━━━━━ Given records ━━━━━

theorem theorem2:
  fixes r \<epsilon>0 :: real and n :: nat and b :: "nat \<Rightarrow> real"
    and \<phi>0 :: "real \<Rightarrow> real" and \<sigma> :: "real poly"
  assumes r_pos: "r > 0" and eps_pos: "\<epsilon>0 > 0"
    and b_deg: "b (n + 1) \<noteq> 0"
    and b_zero: "\<And>i. i > n + 1 \<Longrightarrow> b i = 0"
    and phi_axis: "\<And>s. s \<in> {-r<..<r} \<Longrightarrow> - \<phi>0 s = (\<Sum>i=1..n+1. b i * s ^ (i - 1))"
    and sigma_deg: "degree \<sigma> \<le> n"
    and integral_eq: "\<And>s. s \<in> {-r<..<r} \<Longrightarrow>
        integral {-r..r} (\<lambda>z. r * poly \<sigma> z / sqrt (s\<^sup>2 + r\<^sup>2 - 2 * s * z))
          = - 2 * \<epsilon>0 * \<phi>0 s"
  shows "\<forall>m::nat. dipole r (poly \<sigma>) m =
     2 * pi * \<epsilon>0 * r ^ (m + 1) *
       (\<Sum>i \<in> {i \<in> {(if even m then 1 else 2)..m + 1}.
                    i mod 2 = (if even m then 1 else 2) mod 2}.
          (2 * real i - 1) * r ^ (i - 1) * F i (m + 1) * b i)"
proof
  \<comment> \<open>Only the continuity of \<open>\<sigma>\<close> matters.\<close>
  fix m
  have cont: "continuous_on {-r..r} (poly \<sigma>)"
    by (intro continuous_intros)
  have "- 2 * \<epsilon>0 * \<phi>0 s = (\<Sum>k<n + 1. 2 * \<epsilon>0 * b (k + 1) * s ^ k)"
    if "s \<in> {-r<..<r}" for s
  proof -
    have "- 2 * \<epsilon>0 * \<phi>0 s = 2 * \<epsilon>0 * (\<Sum>i=1..n+1. b i * s ^ (i - 1))"
      unfolding phi_axis[OF that, symmetric] by simp
    also have "\<dots> = (\<Sum>k<n + 1. 2 * \<epsilon>0 * b (k + 1) * s ^ k)"
      by (simp add: sum.atLeast1_atMost_eq sum_distrib_left distrib_left mult.assoc)
    finally show ?thesis .
  qed
  then have coeff: "integral {-r..r} (\<lambda>z. poly \<sigma> z * legendreP k (z / r))
      = 2 * \<epsilon>0 * b (k + 1) * r ^ k" for k
    using b_zero integral_eq
    by (intro integral_legendreP_eq_potential_coeff[OF r_pos cont, of "n + 1"]) auto
  show "dipole r (poly \<sigma>) m = 2 * pi * \<epsilon>0 * r ^ (m + 1) *
       (\<Sum>i \<in> {i \<in> {(if even m then 1 else 2)..m + 1}.
                    i mod 2 = (if even m then 1 else 2) mod 2}.
          (2 * real i - 1) * r ^ (i - 1) * F i (m + 1) * b i)"
    unfolding dipole_eq_legendre_sum[OF r_pos cont] coeff
    by (subst sum_same_parity_indices)
      (auto simp: F_eq_legendre_moment legendre_moment_eq_0 sum_distrib_left algebra_simps
        intro!: sum.cong)
qed

end
(* Let $\mathcal{D}$ be an abstract system of proof notations, $s\ge2$, and let $d\in\mathcal{D}$ be $s$-bounded in $\mathcal{D}$ with height $o(d)=h\ge2$. Then for all $k\ge1$, $\mathsf E^kd$ is $2_{k-1}(2\cdot h)\cdot s$-bounded in $\mathbb{E}(\mathcal{D})$, where $\mathsf E^kd$ denotes $\mathsf E\cdots\mathsf Ed$ with $k$ occurrences of $\mathsf E$.
   Context: An abstract system of proof notations is a set $\mathcal{D}$ with functions $|\cdot|,o(\cdot)\colon\mathcal{D}\to\mathbb{N}\setminus\{0\}$ (size and height) and a relation $\to\subseteq\mathcal{D}\times\mathcal{D}$ such that $d\to d'$ implies $o(d')<o(d)$. The cut-elimination closure $\mathbb{E}(\mathcal{D})$ is the abstract system of formal terms inductively generated by: every $d\in\mathcal{D}$ is in $\mathbb{E}(\mathcal{D})$ (with size and height inherited); if $d,e\in\mathbb{E}(\mathcal{D})$ then $\mathsf{I}d,\ \mathsf{R}de,\ \mathsf{E}d\in\mathbb{E}(\mathcal{D})$ ($\mathsf I,\mathsf R,\mathsf E$ new symbols), with $|\mathsf Id|=|d|+1$, $|\mathsf Rde|=|d|+|e|+1$, $|\mathsf Ed|=|d|+1$, $o(\mathsf Id)=o(d)$, $o(\mathsf Rde)=o(d)+o(e)$, $o(\mathsf Ed)=2^{o(d)}-1$. The relation $\to$ on $\mathbb{E}(\mathcal{D})$ is inductively generated by: $d\to d'$ in $\mathcal{D}$ implies $d\to d'$; $d\to d'$ implies $\mathsf Id\to\mathsf Id'$; $e\to e'$ implies $\mathsf Rde\to\mathsf Rde'$; $d\to d'$ implies $\mathsf Ed\to\mathsf Ed'$; $\mathsf Rde\to\mathsf Id$ always; and $d\to d'$ together with $d\to d''$ implies $\mathsf Ed\to\mathsf R(\mathsf Ed')(\mathsf Ed'')$. For an abstract system $\mathcal{X}$ (here $\mathcal{D}$ or $\mathbb{E}(\mathcal{D})$) and $x\in\mathcal{X}$, $x$ is called $t$-bounded in $\mathcal{X}$ if every $x'\in\mathcal{X}$ with $x\to^\ast x'$ (reflexive transitive closure of the relation $\to$ of $\mathcal{X}$) satisfies $|x'|\le t$. Iterated exponentiation: $2_0(x)=x$, $2_{n+1}(x)=2^{2_n(x)}$. *)

theory Defs
  imports Main
begin

text \<open>An abstract system of proof notations on a carrier type 'a (the set D is the whole type):
  size sz, height ht (both positive) and a reduction relation st that strictly decreases height.\<close>
definition proof_notation_system ::
  "('a \<Rightarrow> nat) \<Rightarrow> ('a \<Rightarrow> nat) \<Rightarrow> ('a \<Rightarrow> 'a \<Rightarrow> bool) \<Rightarrow> bool" where
  "proof_notation_system sz ht st \<longleftrightarrow>
     (\<forall>d. sz d > 0 \<and> ht d > 0) \<and> (\<forall>d d'. st d d' \<longrightarrow> ht d' < ht d)"

datatype 'a eterm = Base 'a | Iop "'a eterm" | Rop "'a eterm" "'a eterm" | Eop "'a eterm"

fun esize :: "('a \<Rightarrow> nat) \<Rightarrow> 'a eterm \<Rightarrow> nat" where
  "esize sz (Base d) = sz d"
| "esize sz (Iop d) = esize sz d + 1"
| "esize sz (Rop d e) = esize sz d + esize sz e + 1"
| "esize sz (Eop d) = esize sz d + 1"

fun eheight :: "('a \<Rightarrow> nat) \<Rightarrow> 'a eterm \<Rightarrow> nat" where
  "eheight ht (Base d) = ht d"
| "eheight ht (Iop d) = eheight ht d"
| "eheight ht (Rop d e) = eheight ht d + eheight ht e"
| "eheight ht (Eop d) = 2 ^ eheight ht d - 1"

inductive estep :: "('a \<Rightarrow> 'a \<Rightarrow> bool) \<Rightarrow> 'a eterm \<Rightarrow> 'a eterm \<Rightarrow> bool" for st where
  base: "st d d' \<Longrightarrow> estep st (Base d) (Base d')"
| icong: "estep st d d' \<Longrightarrow> estep st (Iop d) (Iop d')"
| rcong: "estep st e e' \<Longrightarrow> estep st (Rop d e) (Rop d e')"
| econg: "estep st d d' \<Longrightarrow> estep st (Eop d) (Eop d')"
| rred: "estep st (Rop d e) (Iop d)"
| ered: "estep st d d' \<Longrightarrow> estep st d d'' \<Longrightarrow> estep st (Eop d) (Rop (Eop d') (Eop d''))"

definition bounded_in :: "('b \<Rightarrow> nat) \<Rightarrow> ('b \<Rightarrow> 'b \<Rightarrow> bool) \<Rightarrow> nat \<Rightarrow> 'b \<Rightarrow> bool" where
  "bounded_in sz st t x \<longleftrightarrow> (\<forall>x'. st\<^sup>*\<^sup>* x x' \<longrightarrow> sz x' \<le> t)"

fun tower :: "nat \<Rightarrow> nat \<Rightarrow> nat" where
  "tower 0 x = x"
| "tower (Suc n) x = 2 ^ tower n x"

end

theory Submission
  imports Defs
begin

text \<open>Let \<open>x\<close> be \<open>S\<close>-bounded of height \<open>H\<close>. Every reduct of \<open>E x\<close> is a right-nested spine
  \<open>R (E y\<^sub>1) (R (E y\<^sub>2) (\<dots> I\<^sup>j (E y)))\<close> with all \<open>y\<^sub>i, y\<close> reducts of \<open>x\<close>, and unfolding
  an \<open>E y\<close> only produces \<open>E\<close>'s of strictly smaller height. Charging \<open>S + 2\<close> per unit of height
  gives a potential that dominates the size and never increases, so \<open>E x\<close> is
  \<open>((S + 2) H - 1)\<close>-bounded. Iterating from \<open>d\<close>, the height \<open>H\<^sub>k\<close> of \<open>E\<^sup>kd\<close> satisfies
  \<open>(H\<^sub>k + 1)\<^sup>2 \<le> 2^(2\<^sub>k\<^sub>-\<^sub>1(2h))\<close>, which keeps the bound below \<open>2\<^sub>k\<^sub>-\<^sub>1(2h) \<cdot> s\<close>.\<close>

lemma bounded_in_mono: "bounded_in sz st t x \<Longrightarrow> t \<le> t' \<Longrightarrow> bounded_in sz st t' x"
  unfolding bounded_in_def by fastforce

lemma rtranclp_estep_Base:
  "(estep st)\<^sup>*\<^sup>* (Base d) u \<Longrightarrow> \<exists>d'. u = Base d' \<and> st\<^sup>*\<^sup>* d d'"
proof (induction rule: rtranclp_induct)
  case (step y z)
  then obtain d' where "y = Base d'" "st\<^sup>*\<^sup>* d d'" by blast
  with step(2) show ?case by (auto elim: estep.cases)
qed auto

lemma bounded_in_Base:
  "bounded_in sz st s d \<Longrightarrow> bounded_in (esize sz) (estep st) s (Base d)"
  unfolding bounded_in_def by (auto dest: rtranclp_estep_Base)

lemma two_pow_add_lt:
  fixes a b c :: nat
  assumes "a < c" "b < c"
  shows "(2^a - 1) + (2^b - 1) < (2^c - 1 :: nat)"
proof -
  have "(2::nat)^a \<le> 2^(c-1)" "(2::nat)^b \<le> 2^(c-1)"
    using assms by (auto intro: power_increasing)
  moreover have "(2::nat)^c = 2^(c-1) + 2^(c-1)"
    using assms by (cases c) auto
  moreover have "(1::nat) \<le> 2^a" "(1::nat) \<le> 2^b" by auto
  ultimately show ?thesis by linarith
qed

locale proof_notations =
  fixes sz ht :: "'a \<Rightarrow> nat" and st :: "'a \<Rightarrow> 'a \<Rightarrow> bool"
  assumes system: "proof_notation_system sz ht st"
begin

lemma ht_pos: "ht d > 0"
  using system unfolding proof_notation_system_def by blast

lemma ht_less: "st d d' \<Longrightarrow> ht d' < ht d"
  using system unfolding proof_notation_system_def by blast

lemma eheight_pos: "eheight ht t > 0"
proof (induction t)
  case (Eop t)
  then show ?case using one_less_power[of "2::nat" "eheight ht t"] by simp
qed (auto simp: ht_pos)

lemma estep_eheight_less: "estep st x y \<Longrightarrow> eheight ht y < eheight ht x"
proof (induction rule: estep.induct)
  case (econg d d')
  then have "(2::nat) ^ eheight ht d' < 2 ^ eheight ht d" by simp
  then show ?case by (simp add: diff_less_mono)
next
  case (rred d e)
  show ?case using eheight_pos[of e] by simp
next
  case (ered d d' d'')
  then show ?case using two_pow_add_lt[of "eheight ht d'" "eheight ht d" "eheight ht d''"] by simp
qed (auto simp: ht_less)

inductive spine :: "'a eterm \<Rightarrow> 'a eterm \<Rightarrow> bool" for x where
  spine_Eop: "(estep st)\<^sup>*\<^sup>* x y \<Longrightarrow> spine x (Eop y)"
| spine_Iop: "spine x u \<Longrightarrow> spine x (Iop u)"
| spine_Rop: "(estep st)\<^sup>*\<^sup>* x y \<Longrightarrow> spine x u \<Longrightarrow> spine x (Rop (Eop y) u)"

text \<open>On a spine, \<open>Eop y\<close> stands for at most \<open>o(y)\<close> nested \<open>Rop\<close>-nodes, each with a reduct of
  size \<open>\<le> S\<close> on the left; the value on \<open>Base\<close> is irrelevant.\<close>
fun spine_weight :: "nat \<Rightarrow> 'a eterm \<Rightarrow> nat" where
  "spine_weight S (Base _) = 0"
| "spine_weight S (Eop y) = (S + 2) * eheight ht y - 1"
| "spine_weight S (Iop u) = spine_weight S u + 1"
| "spine_weight S (Rop u v) = max (spine_weight S u + 1) (S + 2 + spine_weight S v)"

lemma le_mult_eheight: "c \<le> c * eheight ht y"
  using mult_le_mono2[OF Suc_leI[OF eheight_pos[of y]], of c] by simp

lemma esize_le_spine_weight:
  assumes "bounded_in (esize sz) (estep st) S x" "spine x u"
  shows "esize sz u \<le> spine_weight S u"
  using assms(2)
proof induction
  case (spine_Eop y)
  have "S + 2 \<le> (S + 2) * eheight ht y" by (rule le_mult_eheight)
  with spine_Eop assms(1) show ?case unfolding bounded_in_def by fastforce
next
  case (spine_Rop y u)
  have "S + 2 \<le> (S + 2) * eheight ht y" by (rule le_mult_eheight)
  with spine_Rop assms(1) show ?case unfolding bounded_in_def by fastforce
qed simp

lemma spine_weight_Eop_unfold:
  assumes "eheight ht y' < eheight ht y"
  shows "spine_weight S (Eop y') + (S + 2) \<le> spine_weight S (Eop y)"
proof -
  have "(S + 2) * Suc (eheight ht y') \<le> (S + 2) * eheight ht y"
    using mult_le_mono2[OF Suc_leI[OF assms]] .
  moreover have "1 \<le> (S + 2) * eheight ht y'" using le_mult_eheight[of 1 y'] by simp
  ultimately show ?thesis by simp
qed

lemma spine_estep:
  assumes "spine x u" "estep st u u'"
  shows "spine x u' \<and> spine_weight S u' \<le> spine_weight S u"
  using assms
proof (induction arbitrary: u' rule: spine.induct)
  case (spine_Eop y)
  from spine_Eop(2) show ?case
  proof cases
    case (econg y')
    have "(S + 2) * eheight ht y' \<le> (S + 2) * eheight ht y"
      using mult_le_mono2[OF less_imp_le[OF estep_eheight_less[OF econg(2)]]] .
    with econg spine_Eop(1) show ?thesis by (auto intro: spine.intros diff_le_mono)
  next
    case (ered y' y'')
    have "(estep st)\<^sup>*\<^sup>* x y'" "(estep st)\<^sup>*\<^sup>* x y''"
      using spine_Eop(1) ered by (auto intro: rtranclp.rtrancl_into_rtrancl)
    moreover have "spine_weight S (Eop y') + (S + 2) \<le> spine_weight S (Eop y)"
      "spine_weight S (Eop y'') + (S + 2) \<le> spine_weight S (Eop y)"
      using ered(2,3) by (blast intro: spine_weight_Eop_unfold estep_eheight_less)+
    ultimately show ?thesis using ered(1) by (auto intro: spine.intros)
  qed
next
  case (spine_Iop u)
  from spine_Iop(3) show ?case
    by cases (use spine_Iop in \<open>auto intro: spine.intros\<close>)
next
  case (spine_Rop y u)
  from spine_Rop(4) show ?case
  proof cases
    case (rcong v)
    with spine_Rop show ?thesis by (fastforce intro: spine.intros)
  next
    case rred
    with spine_Rop(1) show ?thesis by (auto intro: spine.intros)
  qed
qed

lemma bounded_in_Eop:
  assumes "bounded_in (esize sz) (estep st) S x"
  shows "bounded_in (esize sz) (estep st) ((S + 2) * eheight ht x - 1) (Eop x)"
  unfolding bounded_in_def
proof (intro allI impI)
  fix u assume "(estep st)\<^sup>*\<^sup>* (Eop x) u"
  then have "spine x u \<and> spine_weight S u \<le> spine_weight S (Eop x)"
  proof (induction rule: rtranclp_induct)
    case base
    show ?case by (auto intro: spine.intros)
  next
    case (step v w)
    then show ?case using spine_estep[of x v w S] by auto
  qed
  then show "esize sz u \<le> (S + 2) * eheight ht x - 1"
    using esize_le_spine_weight[OF assms] by fastforce
qed

lemma eheight_funpow_Eop_le_tower:
  "2 * eheight ht ((Eop ^^ k) (Base d)) \<le> tower k (2 * ht d)"
proof (induction k)
  case (Suc k)
  define o\<^sub>k where "o\<^sub>k = eheight ht ((Eop ^^ k) (Base d))"
  have "2 * (2 ^ o\<^sub>k - 1) \<le> ((2::nat) ^ o\<^sub>k)\<^sup>2"
    by (cases "(2::nat) ^ o\<^sub>k") (auto simp: power2_eq_square)
  also have "\<dots> = 2 ^ (2 * o\<^sub>k)" by (simp add: power_mult[symmetric] mult.commute)
  also have "\<dots> \<le> 2 ^ tower k (2 * ht d)" using Suc by (simp add: o\<^sub>k_def)
  finally show ?case by (simp add: o\<^sub>k_def)
qed simp

end

lemma sq_le_two_pow: "(a::nat) \<ge> 4 \<Longrightarrow> a\<^sup>2 \<le> 2 ^ a"
proof (induction a rule: dec_induct)
  case (step n)
  have "(Suc n)\<^sup>2 = n\<^sup>2 + 2 * n + 1" by (simp add: power2_eq_square)
  also have "\<dots> \<le> n\<^sup>2 + n\<^sup>2"
    using step(1) mult_le_mono1[OF step(1), of n] unfolding power2_eq_square by linarith
  also have "\<dots> \<le> 2 ^ Suc n" using step(3) by simp
  finally show ?case .
qed simp

lemma mult_le_two_pow:
  fixes a H :: nat
  assumes "a \<ge> 4" "(H + 1)\<^sup>2 \<le> 2 ^ a"
  shows "(a + 1) * H \<le> 2 ^ a"
proof (cases "H < a")
  case True
  then have "(a + 1) * H \<le> (a + 1) * (a - 1)" by (intro mult_le_mono2) auto
  also have "\<dots> \<le> a\<^sup>2" using assms(1) by (cases a) (auto simp: power2_eq_square)
  finally show ?thesis using sq_le_two_pow[OF assms(1)] by linarith
next
  case False
  then have "(a + 1) * H \<le> (H + 1) * H" by (intro mult_le_mono1) auto
  also have "\<dots> \<le> (H + 1)\<^sup>2" by (simp add: power2_eq_square)
  finally show ?thesis using assms(2) by linarith
qed

lemma tower_ge: "x \<ge> 4 \<Longrightarrow> tower k x \<ge> 4"
proof (induction k)
  case (Suc k)
  then have "4 \<le> tower k x" by simp
  also have "\<dots> < 2 ^ tower k x" by (simp add: less_exp)
  finally show ?case by simp
qed simp

context proof_notations
begin

lemma bounded_in_funpow_Eop:
  assumes "s \<ge> 2" "ht d \<ge> 2" "bounded_in sz st s d"
  shows "bounded_in (esize sz) (estep st) (tower k (2 * ht d) * s) ((Eop ^^ Suc k) (Base d))"
proof (induction k)
  case 0
  have "(s + 2) * ht d = s * ht d + 2 * ht d" by algebra
  also have "\<dots> \<le> s * ht d + s * ht d" using mult_le_mono1[OF assms(1)] by (rule add_left_mono)
  also have "\<dots> = tower 0 (2 * ht d) * s" by simp
  finally have "(s + 2) * ht d - 1 \<le> tower 0 (2 * ht d) * s" by (rule le_trans[OF diff_le_self])
  moreover have "bounded_in (esize sz) (estep st) ((s + 2) * ht d - 1) ((Eop ^^ Suc 0) (Base d))"
    using bounded_in_Eop[OF bounded_in_Base[OF assms(3)]] by simp
  ultimately show ?case by (blast intro: bounded_in_mono)
next
  case (Suc k)
  define a where "a = tower k (2 * ht d)"
  define o\<^sub>k where "o\<^sub>k = eheight ht ((Eop ^^ k) (Base d))"
  define H where "H = eheight ht ((Eop ^^ Suc k) (Base d))"
  have "H + 1 = 2 ^ o\<^sub>k" by (simp add: H_def o\<^sub>k_def)
  then have "(H + 1)\<^sup>2 \<le> 2 ^ a"
    using eheight_funpow_Eop_le_tower[of k d]
    by (simp add: a_def o\<^sub>k_def power_mult[symmetric] mult.commute)
  then have "(a + 1) * H \<le> 2 ^ a" using mult_le_two_pow tower_ge assms(2) a_def by simp
  then have "(a * s + 2) * H \<le> 2 ^ a * s"
    using mult_le_mono1[of "a * s + 2" "(a + 1) * s" H] mult_le_mono1[of "(a + 1) * H" "2 ^ a" s] assms(1)
    by (simp add: algebra_simps)
  then show ?case
    using bounded_in_Eop[OF Suc[folded a_def]] by (auto simp: H_def a_def elim: bounded_in_mono)
qed

end

theorem mainTheorem9:
  fixes sz ht :: "'a \<Rightarrow> nat" and st :: "'a \<Rightarrow> 'a \<Rightarrow> bool"
    and s h :: nat and d :: 'a
  assumes "proof_notation_system sz ht st"
    and "s \<ge> 2"
    and "bounded_in sz st s d"
    and "ht d = h" and "h \<ge> 2"
  shows "\<forall>k\<ge>1. bounded_in (esize sz) (estep st) (tower (k - 1) (2 * h) * s) ((Eop ^^ k) (Base d))"
proof (intro allI impI)
  interpret proof_notations sz ht st by (intro proof_notations.intro assms(1))
  fix k :: nat assume "k \<ge> 1"
  then obtain j where "k = Suc j" by (cases k) auto
  then show "bounded_in (esize sz) (estep st) (tower (k - 1) (2 * h) * s) ((Eop ^^ k) (Base d))"
    using bounded_in_funpow_Eop[of s d j] assms by simp
qed

end
theorem theorem9:
  shows "\<not> (\<exists>(QF :: 'a set) NF fF. is_CA QF NF fF \<and> freezing QF NF fF \<and>
            (\<forall>(QG :: nat set) fG. is_CA QG {-1, 0, 1} fG \<and> freezing QG {-1, 0, 1} fG
                \<longrightarrow> simulates QF NF fF QG {-1, 0, 1} fG))"
proof
  assume "\<exists>(QF :: 'a set) NF fF. is_CA QF NF fF \<and> freezing QF NF fF \<and>
            (\<forall>(QG :: nat set) fG. is_CA QG {-1, 0, 1} fG \<and> freezing QG {-1, 0, 1} fG
                \<longrightarrow> simulates QF NF fF QG {-1, 0, 1} fG)"
  then obtain QF :: "'a set" and NF fF where CA: "is_CA QF NF fF" and frz: "freezing QF NF fF"
    and universal: "\<forall>(QG :: nat set) fG. is_CA QG {-1, 0, 1} fG \<and> freezing QG {-1, 0, 1} fG
                \<longrightarrow> simulates QF NF fF QG {-1, 0, 1} fG" by blast
  obtain r where r: "\<forall>n\<in>NF. \<bar>n\<bar> \<le> int r"
    using CA finite_int_set_bounded unfolding is_CA_def by blast
  define N where "N = r * (card QF - 1) + 4"
  then have N: "N \<ge> 3" by simp
  then have "simulates QF NF fF {0..N} {-1, 0, 1} counter_signal_rule"
    using universal counter_signal_is_CA counter_signal_freezing by blast
  then obtain T b C \<phi>
    where sim: "block_simulation QF NF fF {0..N} {-1, 0, 1} counter_signal_rule T b C \<phi>"
    using simulates_block_simulation CA counter_signal_is_CA[OF N] by blast
  have "Suc ((N - 4) * T) \<le> nat b * (card QF - 1)"
    using counter_signal_simulation_countdown[OF sim frz] by (simp add: N_def)
  moreover have "b \<le> int (r * T)"
    using counter_signal_simulation_speed[OF sim N r] .
  then have "nat b * (card QF - 1) \<le> (N - 4) * T"
    by (simp add: N_def nat_le_iff mult_right_mono)
  ultimately show False by simp
qed

end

━━━━━

### Exercise:
From the records above, retype only the lines starting at the line that contains "by (rule add_left_mono)" and ending at the line that contains "using eheight_funpow_Eop_le_tower[of k d]", both included.

### Task answer:
  also have "\<dots> \<le> s * ht d + s * ht d" using mult_le_mono1[OF assms(1)] by (rule add_left_mono)
  also have "\<dots> = tower 0 (2 * ht d) * s" by simp
  finally have "(s + 2) * ht d - 1 \<le> tower 0 (2 * ht d) * s" by (rule le_trans[OF diff_le_self])
  moreover have "bounded_in (esize sz) (estep st) ((s + 2) * ht d - 1) ((Eop ^^ Suc 0) (Base d))"
    using bounded_in_Eop[OF bounded_in_Base[OF assms(3)]] by simp
  ultimately show ?case by (blast intro: bounded_in_mono)
next
  case (Suc k)
  define a where "a = tower k (2 * ht d)"
  define o\<^sub>k where "o\<^sub>k = eheight ht ((Eop ^^ k) (Base d))"
  define H where "H = eheight ht ((Eop ^^ Suc k) (Base d))"
  have "H + 1 = 2 ^ o\<^sub>k" by (simp add: H_def o\<^sub>k_def)
  then have "(H + 1)\<^sup>2 \<le> 2 ^ a"
    using eheight_funpow_Eop_le_tower[of k d]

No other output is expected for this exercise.